- Exercise: Whenever the word "shows" turns up in a line of the data below, copy that line.

Collected data
******************************

section \<open>A generic perturbation\<close>

text \<open>They are of the form c + t * delta, where
  A delta avoids all these spans and t > 0 is small enough that the minimum cuts
  do not change and the point A c + t (A delta) avoids them as well.\<close>

lemma exists_generic_costs:
  assumes tn: "terminal_network V E c Q"
    and uniq: "\<forall>S. nontrivial_sub Q S \<longrightarrow> unique_min_cut V E c Q S"
    and m: "m = card (bipartitions Q)"
  shows "\<exists>c_hat. (\<forall>e\<in>E. c_hat e > 0) \<and>
           (\<forall>T\<in>small_zero_one_sets m (matrix_rank (incidence_matrix V E c Q)).
              vec m (\<lambda>i. mincut V E c_hat Q (row_bipartition Q i)) \<notin> span_vec m T)"
proof -
  have g: "graph V E" and c_pos: "\<forall>e\<in>E. c e > 0" and QV: "Q \<subseteq> V"
    using tn unfolding terminal_network_def by auto
  have finE: "finite E" using graph_finite_edges[OF g] .
  have finQ: "finite Q" using g QV unfolding graph_def by (auto intro: finite_subset)
  define A where "A = incidence_matrix V E c Q"
  define Fam where "Fam = small_zero_one_sets m (matrix_rank A)"
  have A: "A \<in> carrier_mat m (card E)" unfolding A_def m by (rule incidence_matrix_carrier)
  obtain d where d: "d \<in> carrier_vec (card E)" and avoid: "\<forall>T\<in>Fam. A *\<^sub>v d \<notin> span_vec m T"
    using exists_direction_avoiding_small_spans[OF A] unfolding Fam_def by blast
  obtain \<delta> where \<delta>: "cost_vec E \<delta> = d" using cost_vec_surj[OF finE d] by blast
  define p where "p = A *\<^sub>v cost_vec E c"
  have p: "p \<in> carrier_vec m" and w: "A *\<^sub>v d \<in> carrier_vec m"
    unfolding p_def using A by (simp_all add: carrier_vecI)
  have line: "A *\<^sub>v cost_vec E (perturb c \<delta> t) = p + t \<cdot>\<^sub>v (A *\<^sub>v d)" for t
    unfolding cost_vec_perturb \<delta> p_def using A d
    by (simp add: mult_add_distrib_mat_vec mult_mat_vec cost_vec_def)
  have "eventually (\<lambda>t. (\<forall>e\<in>E. perturb c \<delta> t e > 0) \<and>
      (\<forall>S. nontrivial_sub Q S \<longrightarrow> mincut V E (perturb c \<delta> t) Q S
                                    = cut_cost E (perturb c \<delta> t) (chosen_min_cut V E c Q S)) \<and>
      (\<forall>T\<in>Fam. p + t \<cdot>\<^sub>v (A *\<^sub>v d) \<notin> span_vec m T)) (at_right 0)"
  proof (intro eventually_conj)
    show "eventually (\<lambda>t. \<forall>T\<in>Fam. p + t \<cdot>\<^sub>v (A *\<^sub>v d) \<notin> span_vec m T) (at_right 0)"
      using small_zero_one_setsD(1) avoid unfolding Fam_def
      by (intro eventually_line_avoids_spans[OF small_zero_one_sets_finite _ p w]) blast
  qed (fact eventually_perturb_pos[OF finE c_pos] eventually_min_cuts_stable[OF tn uniq])+
  from eventually_happens'[OF trivial_limit_at_right_real this]
  obtain t where pos: "\<forall>e\<in>E. perturb c \<delta> t e > 0"
    and stable: "\<And>S. nontrivial_sub Q S \<Longrightarrow> mincut V E (perturb c \<delta> t) Q S
                                    = cut_cost E (perturb c \<delta> t) (chosen_min_cut V E c Q S)"
    and generic: "\<forall>T\<in>Fam. p + t \<cdot>\<^sub>v (A *\<^sub>v d) \<notin> span_vec m T"
    by blast
  have "vec m (\<lambda>i. mincut V E (perturb c \<delta> t) Q (row_bipartition Q i)) = p + t \<cdot>\<^sub>v (A *\<^sub>v d)"
  proof (rule eq_vecI)
    fix i assume "i < dim_vec (p + t \<cdot>\<^sub>v (A *\<^sub>v d))"
    then have i: "i < m" using A by simp
    have "mincut V E (perturb c \<delta> t) Q (row_bipartition Q i)
        = cut_cost E (perturb c \<delta> t) (chosen_min_cut V E c Q (row_bipartition Q i))"
      using stable row_bipartition_nontrivial[OF finQ] i m by simp
    also have "\<dots> = (A *\<^sub>v cost_vec E (perturb c \<delta> t)) $ i"
      unfolding A_def using incidence_matrix_cost_vec[OF finE] i m by simp
    finally show "vec m (\<lambda>i. mincut V E (perturb c \<delta> t) Q (row_bipartition Q i)) $ i
        = (p + t \<cdot>\<^sub>v (A *\<^sub>v d)) $ i" using i line by simp
  qed (use A in simp)
  then show ?thesis using pos generic unfolding Fam_def A_def by metis
qed
lemma exists_scaling_into_lattice:
  assumes qM: "Q_indep eM" and sub: "set eL \<subseteq> Q_span eM"
  shows "\<exists>c::nat. c > 0 \<and> (\<forall>x\<in>Z_span eL. of_nat c * x \<in> Z_span eM)"
proof -
  obtain D where D: "D > 0"
    "\<forall>p\<in>{..<length eL} \<times> {..<length eM}. of_int D * coord eM (eL ! fst p) (snd p) \<in> \<int>"
    using finite_common_denominator[of "{..<length eL} \<times> {..<length eM}"
        "\<lambda>p. coord eM (eL ! fst p) (snd p)"] by auto
  have "of_int D * e \<in> Z_span eM" if "e \<in> set eL" for e
  proof -
    obtain k where k: "k < length eL" "e = eL ! k" using \<open>e \<in> set eL\<close> by (auto simp: in_set_conv_nth)
    have eQ: "e \<in> Q_span eM" using that sub by blast
    then show ?thesis
      using D(2) k Q_span_scale[OF eQ, of "of_int D"]
      by (intro Z_span_if_coord_Ints[OF qM]) (auto simp: coord_int_mult[OF qM])
  qed
  then have "set (map (\<lambda>e. of_int D * e) eL) \<subseteq> Z_span eM" by auto
  then have "(\<lambda>x. of_int D * x) ` Z_span eL \<subseteq> Z_span eM"
    unfolding Z_span_scaled_basis[symmetric] by (rule Z_span_mono)
  then show ?thesis using D(1) by (intro exI[of _ "nat D"]) auto
qed

context
  fixes K :: "complex set" and d :: nat and \<sigma> :: "nat \<Rightarrow> complex \<Rightarrow> complex"
    and eL eM :: "complex list" and L M :: "complex set"
  assumes nf: "number_field_of_degree K d"
    and embs: "\<And>j. j < d \<Longrightarrow> is_embedding K (\<sigma> j)"
    and BL: "Z_basis eL L" "positive_basis \<sigma> d eL" "L \<subseteq> K"
    and BM: "Z_basis eM M" "positive_basis \<sigma> d eM" "M \<subseteq> K"
begin

lemma lattice_basis_facts:
  shows "is_subfield K" "length eL = d" "length eM = d" "Q_indep eL" "Q_indep eM"
    "Q_span eL = K" "Q_span eM = K" "set eL \<subseteq> K" "set eM \<subseteq> K"
    "Z_span eL = L" "Z_span eM = M"
proof -
  show "is_subfield K" using nf unfolding number_field_of_degree_def by simp
  show len: "length eL = d" "length eM = d"
    using BL(2) BM(2) unfolding positive_basis_def by simp_all
  show "Q_indep eL" "Q_span eL = K" using Z_basis_imp_Q_basis[OF nf BL(1) BL(3) len(1)] by simp_all
  show "Q_indep eM" "Q_span eM = K" using Z_basis_imp_Q_basis[OF nf BM(1) BM(3) len(2)] by simp_all
  show span: "Z_span eL = L" "Z_span eM = M" using BL(1) BM(1) unfolding Z_basis_def by simp_all
  show "set eL \<subseteq> K" using set_subset_Z_span[of eL] span(1) BL(3) by simp
  show "set eM \<subseteq> K" using set_subset_Z_span[of eM] span(2) BM(3) by simp
qed

text \<open>Both sides are computed from the index \<open>[M : cL]\<close>, \<open>c\<close> the least positive integer with
  \<open>cL \<subseteq> M\<close>.\<close>

lemma frac_ideal_norm_eq_embedding_det_ratio:
  "complex_of_real (frac_ideal_norm M d L) = embedding_det \<sigma> eL / embedding_det \<sigma> eM"
proof -
  note B = lattice_basis_facts
  define c where "c = (LEAST c::nat. c > 0 \<and> (\<forall>x\<in>L. of_nat c * x \<in> M))"
  have "\<exists>c::nat. c > 0 \<and> (\<forall>x\<in>L. of_nat c * x \<in> M)"
    using exists_scaling_into_lattice[OF B(5), of eL] B(7,8,10,11) by simp
  then have "c > 0 \<and> (\<forall>x\<in>L. of_nat c * x \<in> M)" unfolding c_def by (rule LeastI_ex)
  then have c: "c > 0" "\<forall>x\<in>L. of_nat c * x \<in> M" by simp_all
  define gs where "gs = map (\<lambda>e. of_int (int c) * e) eL"
  have cL: "(\<lambda>x. of_nat c * x) ` L = Z_span gs"
    unfolding gs_def Z_span_scaled_basis B(10) by simp
  have gsM: "set gs \<subseteq> Z_span eM"
    using set_subset_Z_span[of gs] c(2) unfolding cL[symmetric] B(11) by blast
  have len_gs: "length gs = length eM" unfolding gs_def using B(2,3) by simp
  have "embedding_det \<sigma> eM * of_rat (det_wrt eM gs) = embedding_det \<sigma> gs"
    by (rule embedding_det_change[OF B(1) _ B(5) B(9) len_gs, symmetric])
      (simp_all add: embs B(3) order.trans[OF gsM Z_span_subset_Q_span])
  also have "\<dots> = elt_norm \<sigma> d (of_nat c) * embedding_det \<sigma> eL"
    using embedding_det_mult[OF B(1) _ B(8) subfield_of_nat[OF B(1)], of \<sigma> c] embs B(2)
    unfolding gs_def by simp
  also have "elt_norm \<sigma> d (of_nat c) = of_nat c ^ d"
    unfolding elt_norm_def using embedding_of_nat[OF B(1) embs] by simp
  finally have "(\<i> * embedding_det \<sigma> eM) * of_rat (det_wrt eM gs)
      = of_nat c ^ d * (\<i> * embedding_det \<sigma> eL)"
    by (simp add: algebra_simps)
  moreover obtain x y where xy: "\<i> * embedding_det \<sigma> eL = complex_of_real x"
      "\<i> * embedding_det \<sigma> eM = complex_of_real y" "x > 0" "y > 0"
    using positive_basis_embedding_det[OF BL(2)] positive_basis_embedding_det[OF BM(2)] by metis
  ultimately have "complex_of_real (real_of_rat (det_wrt eM gs)) = complex_of_real (real c ^ d * x / y)"
    unfolding of_real_of_rat by (simp add: field_simps)
  then have det_gs: "real_of_rat (det_wrt eM gs) = real c ^ d * x / y"
    by (simp only: of_real_eq_iff)
  have "0 < real_of_rat (det_wrt eM gs)" unfolding det_gs using xy(3,4) c(1) by simp
  then have "det_wrt eM gs > 0" by (simp only: zero_less_of_rat_iff)
  then have idx: "of_nat (ideal_index M ((\<lambda>x. of_nat c * x) ` L)) = det_wrt eM gs"
    using ideal_index_eq_abs_det_wrt[of eM gs] BM(1) len_gs gsM
    unfolding Z_basis_def cL B(11) by simp
  have "frac_ideal_norm M d L = real_of_rat (det_wrt eM gs) / real c ^ d"
    unfolding frac_ideal_norm_def Let_def c_def[symmetric] idx[symmetric] of_rat_of_nat_eq ..
  then have "complex_of_real (frac_ideal_norm M d L) = (\<i> * embedding_det \<sigma> eL) / (\<i> * embedding_det \<sigma> eM)"
    unfolding det_gs xy using c(1) by simp
  then show ?thesis by simp
qed
(* Let $\Gamma$ be a distance-regular graph with diameter $D\ge 3$ and valency $k$, and assume $a_i=0$ for $0\le i\le D-2$ and $a_{D-1}\neq 0$. Let $M$ be the $D\times D$ tridiagonal matrix with rows and columns indexed by $0,1,\dots,D-1$, whose diagonal is $(0,0,\dots,0,k-c_{D-1})$, whose superdiagonal entries are $M_{i,i+1}=b_i$ ($0\le i\le D-2$) and whose subdiagonal entries are $M_{i,i-1}=c_i$ ($1\le i\le D-1$). Then: (i) for every $\theta\in\mathbb{R}$ the pair $\theta,k$ is tight; (ii) for every real number $\theta$ that is an eigenvalue of $M$, the pair $\theta,-k$ is tight; (iii) $\Gamma$ has no further tight pairs, i.e. if $\theta,\theta'\in\mathbb{R}$ form a tight pair then either one of them equals $k$, or one of them equals $-k$ and the other is an eigenvalue of $M$.
   Context: $\Gamma$ is a finite connected undirected graph without loops or multiple edges, distance-regular with diameter $D$, intersection numbers $a_i,b_i,c_i$ ($c_0=0$, $b_D=0$, $c_1=1$), valency $k=b_0$, and $c_i+a_i+b_i=k$ for $0\le i\le D$. For $\theta\in\mathbb{R}$, the pseudo cosine sequence for $\theta$ is the sequence of reals $\sigma_0,\dots,\sigma_D$ with $\sigma_0=1$ and $c_i\sigma_{i-1}+a_i\sigma_i+b_i\sigma_{i+1}=\theta\sigma_i$ for $0\le i\le D-1$. Two pseudo cosine sequences $\sigma_i$, $\rho_i$ form a tight pair if $(\sigma_i\rho_i)_{i=0}^D$ is a pseudo cosine sequence; reals $\theta,\theta'$ form a tight pair if their pseudo cosine sequences do. *)

theory Defs
  imports Main "HOL-Library.Multiset" "Jordan_Normal_Form.Char_Poly"
begin

definition walk :: "('v \<Rightarrow> 'v \<Rightarrow> bool) \<Rightarrow> 'v \<Rightarrow> 'v \<Rightarrow> nat \<Rightarrow> bool" where
  "walk E x y n \<longleftrightarrow> (\<exists>p :: nat \<Rightarrow> 'v. p 0 = x \<and> p n = y \<and> (\<forall>i<n. E (p i) (p (Suc i))))"

text \<open>Path-length distance (meaningful for connected graphs).\<close>
definition gdist :: "('v \<Rightarrow> 'v \<Rightarrow> bool) \<Rightarrow> 'v \<Rightarrow> 'v \<Rightarrow> nat" where
  "gdist E x y = (LEAST n. walk E x y n)"

definition fin_conn_graph :: "'v set \<Rightarrow> ('v \<Rightarrow> 'v \<Rightarrow> bool) \<Rightarrow> bool" where
  "fin_conn_graph V E \<longleftrightarrow> finite V \<and> V \<noteq> {} \<and>
     (\<forall>x y. E x y \<longrightarrow> x \<in> V \<and> y \<in> V) \<and>
     (\<forall>x y. E x y \<longrightarrow> E y x) \<and> (\<forall>x. \<not> E x x) \<and>
     (\<forall>x\<in>V. \<forall>y\<in>V. \<exists>n. walk E x y n)"

definition diameter :: "'v set \<Rightarrow> ('v \<Rightarrow> 'v \<Rightarrow> bool) \<Rightarrow> nat" where
  "diameter V E = Max {gdist E x y | x y. x \<in> V \<and> y \<in> V}"

definition distance_regular ::
  "'v set \<Rightarrow> ('v \<Rightarrow> 'v \<Rightarrow> bool) \<Rightarrow> nat \<Rightarrow> nat \<Rightarrow> (nat \<Rightarrow> nat) \<Rightarrow> (nat \<Rightarrow> nat) \<Rightarrow> (nat \<Rightarrow> nat) \<Rightarrow> bool" where
  "distance_regular V E D k a b c \<longleftrightarrow> fin_conn_graph V E \<and> D = diameter V E \<and>
     (\<forall>x\<in>V. card {z\<in>V. E x z} = k) \<and>
     (\<forall>x\<in>V. \<forall>y\<in>V.
        card {z\<in>V. E y z \<and> Suc (gdist E x z) = gdist E x y} = c (gdist E x y) \<and>
        card {z\<in>V. E y z \<and> gdist E x z = gdist E x y} = a (gdist E x y) \<and>
        card {z\<in>V. E y z \<and> gdist E x z = Suc (gdist E x y)} = b (gdist E x y))"

text \<open>Pseudo cosine sequence for theta (only indices 0..D matter).\<close>
definition pseudo_cosine ::
  "nat \<Rightarrow> (nat \<Rightarrow> nat) \<Rightarrow> (nat \<Rightarrow> nat) \<Rightarrow> (nat \<Rightarrow> nat) \<Rightarrow> real \<Rightarrow> (nat \<Rightarrow> real) \<Rightarrow> bool" where
  "pseudo_cosine D a b c \<theta> \<sigma> \<longleftrightarrow> \<sigma> 0 = 1 \<and>
     (\<forall>i<D. real (c i) * (if i = 0 then 0 else \<sigma> (i - 1)) + real (a i) * \<sigma> i
              + real (b i) * \<sigma> (Suc i) = \<theta> * \<sigma> i)"

definition tight_seqs ::
  "nat \<Rightarrow> (nat \<Rightarrow> nat) \<Rightarrow> (nat \<Rightarrow> nat) \<Rightarrow> (nat \<Rightarrow> nat) \<Rightarrow> (nat \<Rightarrow> real) \<Rightarrow> (nat \<Rightarrow> real) \<Rightarrow> bool" where
  "tight_seqs D a b c \<sigma> \<rho> \<longleftrightarrow> (\<exists>\<eta>. pseudo_cosine D a b c \<eta> (\<lambda>i. \<sigma> i * \<rho> i))"

definition tight_pair ::
  "nat \<Rightarrow> (nat \<Rightarrow> nat) \<Rightarrow> (nat \<Rightarrow> nat) \<Rightarrow> (nat \<Rightarrow> nat) \<Rightarrow> real \<Rightarrow> real \<Rightarrow> bool" where
  "tight_pair D a b c \<theta> \<theta>' \<longleftrightarrow> (\<exists>\<sigma> \<rho>. pseudo_cosine D a b c \<theta> \<sigma> \<and> pseudo_cosine D a b c \<theta>' \<rho>
      \<and> tight_seqs D a b c \<sigma> \<rho>)"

******************************

- Written answer:
  shows "\<exists>c_hat. (\<forall>e\<in>E. c_hat e > 0) \<and>
  shows "\<exists>c::nat. c > 0 \<and> (\<forall>x\<in>Z_span eL. of_nat c * x \<in> Z_span eM)"
  shows "is_subfield K" "length eL = d" "length eM = d" "Q_indep eL" "Q_indep eM"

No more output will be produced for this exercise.